Maybe it is too soon to be grateful. Thanksgiving is four weeks — a lifetime — away. We know life takes turns we do not want or expect. But can it ever be “too soon to be grateful?” Impossible. What we can be grateful for is what we have now — the idea of the gathering to come, the sweet anticipation, the energy it swirls in us, all of which is present this very moment.


Last year’s piece, “A Placeholder Thanksgiving. Keep it Warm.”

The memories come all at once, out of order.

Cousin Ken sitting in the middle of my folks’ living room, strumming folks songs on his guitar, offering Puff the Magic Dragon for then-pre-schooler Rebecca…and Kum-bala-laika for his mom Leona and my Grandma Lilli, calling them back to their father singing with his mandolin, bringing them to tears.

Every year, Greg showing up early so as not to miss any of the Dallas game. (Good luck today, by the way.) A football game on the front yard, where everyone but my dad got older, my sister and cousins and me replaced by our children.

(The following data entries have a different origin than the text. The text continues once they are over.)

lemma card_forests:
  assumes X: "finite X" and p: "p = 2 * card X - 1" and S: "prefix_antichain X S"
  shows "finite (forests X S k) \<and> card (forests X S k) = raney p (card S) k"
  using S
proof (induction k arbitrary: S)
  case 0
  have "forests X S 0 = {{}}" by (auto simp: forests_def forest_on_def)
  then show ?case by (cases "card S") simp_all
next
  case (Suc k)
  show ?case
    using Suc.prems
  proof (induction "card S" arbitrary: S)
    case 0
    then have "forests X S (Suc k) = {}"
      using forest_on_root by (fastforce simp: forests_def prefix_antichain_def card_Suc_eq)
    then show ?case using 0 by simp
  next
    case (Suc r S)
    then obtain s where s: "s \<in> S" by force
    let ?A1 = "forests X (S - {s}) (Suc k)" and ?A2 = "forests X (S - {s} \<union> children X s) k"
    have "finite S" using Suc.prems by (simp add: prefix_antichain_def)
    then have "card (S - {s}) = r" using Suc.hyps(2) s by simp
    then have A1: "finite ?A1 \<and> card ?A1 = raney p r (Suc k)"
      using Suc.hyps(1)[of "S - {s}"] prefix_antichain_Diff[OF Suc.prems] by simp
    have "card (S - {s} \<union> children X s) = r + p"
      using card_Diff_Un_children[OF X Suc.prems s] Suc.hyps(2) p by simp
    then have A2: "finite ?A2 \<and> card ?A2 = raney p (r + p) k"
      using Suc.IH[OF prefix_antichain_children[OF X Suc.prems s]] by simp
    have "s \<notin> W" if "W \<in> ?A2" for W
      using that root_notin_forest_on_children[OF Suc.prems s] by (simp add: forests_def)
    then have "inj_on (insert s) ?A2"
      by (intro inj_onI) (metis insert_ident)
    moreover have "?A1 \<inter> insert s ` ?A2 = {}"
      using root_notin_forest_on_Diff[OF Suc.prems s] by (force simp: forests_def)
    ultimately show ?case
      using A1 A2 forests_Suc[OF Suc.prems s] Suc.hyps(2)[symmetric]
      by (simp add: card_Un_disjoint card_image)
  qed
qed

section \<open>Counting elements of given trunk and branch size\<close>

definition reduced_words :: "'a set \<Rightarrow> nat \<Rightarrow> 'a letter list set" where
  "reduced_words X t = {g. reduced g \<and> g \<in> lists (X \<times> UNIV) \<and> length g = t}"

lemma reduced_words_Suc: "reduced_words X (Suc t) = (\<Union>u\<in>reduced_words X t. children X u)"
proof (intro set_eqI iffI)
  fix c assume "c \<in> reduced_words X (Suc t)"
  then have "c \<in> children X (butlast c)" "butlast c \<in> reduced_words X t"
    by (auto simp: reduced_words_def children_def reduced_butlast dest: in_set_butlastD)
  then show "c \<in> (\<Union>u\<in>reduced_words X t. children X u)" by blast
qed (auto simp: reduced_words_def children_def)

lemma card_reduced_words:
  assumes X: "finite X"
  shows "finite (reduced_words X t)
    \<and> card (reduced_words X t) = (if t = 0 then 1 else 2 * card X * (2 * card X - 1) ^ (t - 1))"
proof (induction t)
  case 0
  have "reduced_words X 0 = {[]}" by (auto simp: reduced_words_def)
  then show ?case by simp
next
  case (Suc t)
  have u: "reduced u" "u \<in> lists (X \<times> UNIV)" "u = [] \<longleftrightarrow> t = 0" if "u \<in> reduced_words X t" for u
    using that by (auto simp: reduced_words_def)
  have "card (reduced_words X (Suc t)) = (\<Sum>u\<in>reduced_words X t. card (children X u))"
    unfolding reduced_words_Suc using Suc.IH card_children(1)[OF X u(1,2)]
    by (intro card_UN_disjoint) (auto simp: children_def)
  also have "\<dots> = card (reduced_words X t) * (if t = 0 then 2 * card X else 2 * card X - 1)"
    using card_children(2)[OF X u(1,2)] u(3) by simp
  moreover have "finite (reduced_words X (Suc t))"
    unfolding reduced_words_Suc using Suc.IH card_children(1)[OF X u(1,2)] by blast
  ultimately show ?case using Suc.IH by (cases t) auto
qed

definition trunk_slots :: "'a set \<Rightarrow> 'a letter list \<Rightarrow> 'a letter list set" where
  "trunk_slots X g =
    {c. reduced c \<and> c \<in> lists (X \<times> UNIV) \<and> c \<noteq> [] \<and> prefix (butlast c) g \<and> \<not> prefix c g}"

lemma children_prefixes_eq:
  assumes "reduced g" "g \<in> lists (X \<times> UNIV)"
  shows "(\<Union>u\<in>set (prefixes g). children X u) = trunk_slots X g \<union> (set (prefixes g) - {[]})"
proof (intro set_eqI iffI)
  fix c assume "c \<in> trunk_slots X g \<union> (set (prefixes g) - {[]})"
  moreover have "c \<in> children X (butlast c)" if "prefix c g" "c \<noteq> []"
    using that assms reduced_prefix set_mono_prefix[OF that(1)]
    by (auto simp: children_def)
  ultimately show "c \<in> (\<Union>u\<in>set (prefixes g). children X u)"
    using prefixeq_butlast prefix_order.trans
    by (auto simp: trunk_slots_def children_def) blast
qed (auto simp: trunk_slots_def children_def)

lemma card_trunk_slots:
  assumes X: "finite X" and g: "g \<in> reduced_words X t"
  shows "finite (trunk_slots X g)" "card (trunk_slots X g) = 2 * card X + t * (2 * card X - 2)"
proof -
  have rg: "reduced g" "g \<in> lists (X \<times> UNIV)" "length g = t" using g by (auto simp: reduced_words_def)
  have u: "reduced u" "u \<in> lists (X \<times> UNIV)" if "u \<in> set (prefixes g)" for u
    using that rg(1) reduced_prefix prefix_in_lists[OF _ rg(2)] by auto
  let ?U = "\<Union>u\<in>set (prefixes g). children X u"
  have "card ?U = (\<Sum>u\<in>set (prefixes g). card (children X u))"
    using card_children(1)[OF X u] by (intro card_UN_disjoint) (auto simp: children_def)
  also have "\<dots> = (\<Sum>u\<in>set (prefixes g). if u = [] then 2 * card X else 2 * card X - 1)"
    using card_children(2)[OF X u] by simp
  also have "\<dots> = 2 * card X + t * (2 * card X - 1)"
    using rg(3) by (simp add: sum.remove[of _ "[]"])
  finally have card_U: "card ?U = 2 * card X + t * (2 * card X - 1)" .
  have fin_U: "finite ?U" using card_children(1)[OF X u] by simp
  then show fin: "finite (trunk_slots X g)" using children_prefixes_eq[OF rg(1,2)] by simp
  have "card ?U = card (trunk_slots X g) + t"
    unfolding children_prefixes_eq[OF rg(1,2)] using fin rg(3)
    by (subst card_Un_disjoint) (auto simp: trunk_slots_def)
  then show "card (trunk_slots X g) = 2 * card X + t * (2 * card X - 2)"
    using card_U by (cases "card X") (simp_all add: algebra_simps)
qed

lemma prefix_antichain_trunk_slots:
  assumes X: "finite X" and g: "g \<in> reduced_words X t"
  shows "prefix_antichain X (trunk_slots X g)"
proof -
  have "s = s'" if "s \<in> trunk_slots X g" "s' \<in> trunk_slots X g" "prefix s s'" for s s'
  proof (rule ccontr)
    assume "s \<noteq> s'"
    then have "prefix s (butlast s')" using that(3) prefix_butlast_if_neq by blast
    then show False using that(1,2) prefix_order.trans by (auto simp: trunk_slots_def)
  qed
  then show ?thesis
    using card_trunk_slots(1)[OF assms] by (auto simp: prefix_antichain_def trunk_slots_def)
qed

lemma forest_on_trunk_slots_disjoint:
  assumes "forest_on X (trunk_slots X g) W"
  shows "W \<inter> set (prefixes g) = {}"
proof -
  have "\<not> prefix w g" if w: "w \<in> W" for w
  proof -
    obtain s where "s \<in> trunk_slots X g" "prefix s w" using forest_on_root[OF assms w] .
    then show ?thesis using prefix_order.trans by (auto simp: trunk_slots_def)
  qed
  then show ?thesis by auto
qed

lemma forest_on_trunk_slots_Diff:
  assumes V: "prefix_closed X V" and g: "g \<in> V"
  shows "forest_on X (trunk_slots X g) (V - set (prefixes g))"
  using V unfolding forest_on_def prefix_closed_def trunk_slots_def
  by auto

If I strain, I can even remember when our grandmother still brought a “second” turkey to accommodate the growing family gathering, before we needed to fix a plate for her and bring it to where she sat. Before my mom eventually decided to leave all the cooking to Chef Ike — but Barbara kept bringing her apple cranberry fruit crumble thing, my favorite.

This year I’m making Barbara’s apple cranberry thing, which turns out to be very easy and will always be my favorite, though it may not taste the same since it won’t be scooped from the same ceramic baking dish.

This year we are apart. Hold the day, keep it warm, and we’ll be together again next year.

The well-loved recipe, by my aunt’s dear friend Susan Goldman.

Thanksgiving Traditions, Memories, and Spontaneous Reunions

Thanksgiving memories are enduring, even if some traditions are not.

One Thanksgiving tradition is as deeply loved as it was short lived. It was during my college years — it could even have been once and memory has morphed it into more. As I choose to remember it, the tradition was to gather my high school friends from our scattered collegiate cities, at my parents’ house the evening after Thanksgiving, to tell stories and laugh and dance and eat leftovers until our stomachs ached. Those friendships felt more burnished and eternal than the new friends I was still making (some of whom time has transformed into friends of the eternal variety).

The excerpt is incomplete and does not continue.